Videos verified by international media show rescue workers digging through collapsed concrete, school bags being pulled from the debris, and scorch marks along the remaining walls.
Warning: this gallery contains graphic images.
The New York Times says it has verified videos that show the school next to a naval base belonging to the Iranian Revolutionary Guards Corps, or IRGC, and a strike hitting that base.
Iranian representatives at the United Nations have characterised the strike as a deliberate targeting of civilian infrastructure and labelled it a war crime and a crime against humanity.

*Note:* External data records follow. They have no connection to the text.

lemma derived_set_G_grp: "derived_set (G_grp (Suc n)) (carrier (G_grp (Suc n))) = parity_kernel n"
proof
  show "derived_set (G_grp (Suc n)) (carrier (G_grp (Suc n))) \<subseteq> parity_kernel n"
    using commutator_in_parity_kernel by (auto simp only: G_grp_commutator)
  show "parity_kernel n \<subseteq> derived_set (G_grp (Suc n)) (carrier (G_grp (Suc n)))"
  proof
    fix h assume "h \<in> parity_kernel n"
    then obtain f g where f: "f \<in> carrier (G_grp (Suc n))" and g: "g \<in> carrier (G_grp (Suc n))"
      and h: "h = f \<circ> g \<circ> fun_inv f \<circ> fun_inv g"
      by (rule parity_kernel_commutator)
    show "h \<in> derived_set (G_grp (Suc n)) (carrier (G_grp (Suc n)))"
      using f g unfolding h G_grp_commutator[OF f g, symmetric] by blast
  qed
qed

lemma derived_set_eq_commutators:
  "derived_set G H = {h1 \<otimes>\<^bsub>G\<^esub> h2 \<otimes>\<^bsub>G\<^esub> inv\<^bsub>G\<^esub> h1 \<otimes>\<^bsub>G\<^esub> inv\<^bsub>G\<^esub> h2 | h1 h2. h1 \<in> H \<and> h2 \<in> H}"
  by auto

lemma (in group) derived_eq_derived_set:
  assumes "subgroup (derived_set G (carrier G)) G"
  shows "derived G (carrier G) = derived_set G (carrier G)"
  unfolding derived_def
proof
  show "generate G (derived_set G (carrier G)) \<subseteq> derived_set G (carrier G)"
    by (rule generate_subgroup_incl[OF subset_refl assms])
  show "derived_set G (carrier G) \<subseteq> generate G (derived_set G (carrier G))"
    by (rule subsetI, rule generate.incl)
qed

theorem theorem4:
  fixes k :: nat
  assumes "k \<ge> 1"
  shows "derived (G_grp k) (carrier (G_grp k)) =
    {f1 \<otimes>\<^bsub>G_grp k\<^esub> f2 \<otimes>\<^bsub>G_grp k\<^esub> inv\<^bsub>G_grp k\<^esub> f1 \<otimes>\<^bsub>G_grp k\<^esub> inv\<^bsub>G_grp k\<^esub> f2 | f1 f2.
       f1 \<in> carrier (G_grp k) \<and> f2 \<in> carrier (G_grp k)}"
proof -
  obtain n where k: "k = Suc n" using assms by (cases k) auto
  have "derived (G_grp k) (carrier (G_grp k)) = derived_set (G_grp k) (carrier (G_grp k))"
    unfolding k by (rule group.derived_eq_derived_set[OF group_G_grp])
      (simp only: derived_set_G_grp subgroup_parity_kernel)
  then show ?thesis unfolding derived_set_eq_commutators .
qed

end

Neither the United States nor Israel have publicly confirmed hitting the school. The US military’s Central Command (Centcom) said:
We are aware of reports concerning civilian harm resulting from ongoing military operations. We take these reports seriously and are looking into them. The protection of civilians is of utmost importance, and we will continue to take all precautions available to minimize the risk of unintended harm.
At present, we do not have enough verified facts to reach a firm legal conclusion about what happened.
But given the questions about the legality of the US and Israeli strikes on Iran – and deeper questions about whether we’re witnessing the “death of international law” more broadly – incidents like this illustrate the continuing importance of the law, especially in times of conflict.
Which targets are protected under the law?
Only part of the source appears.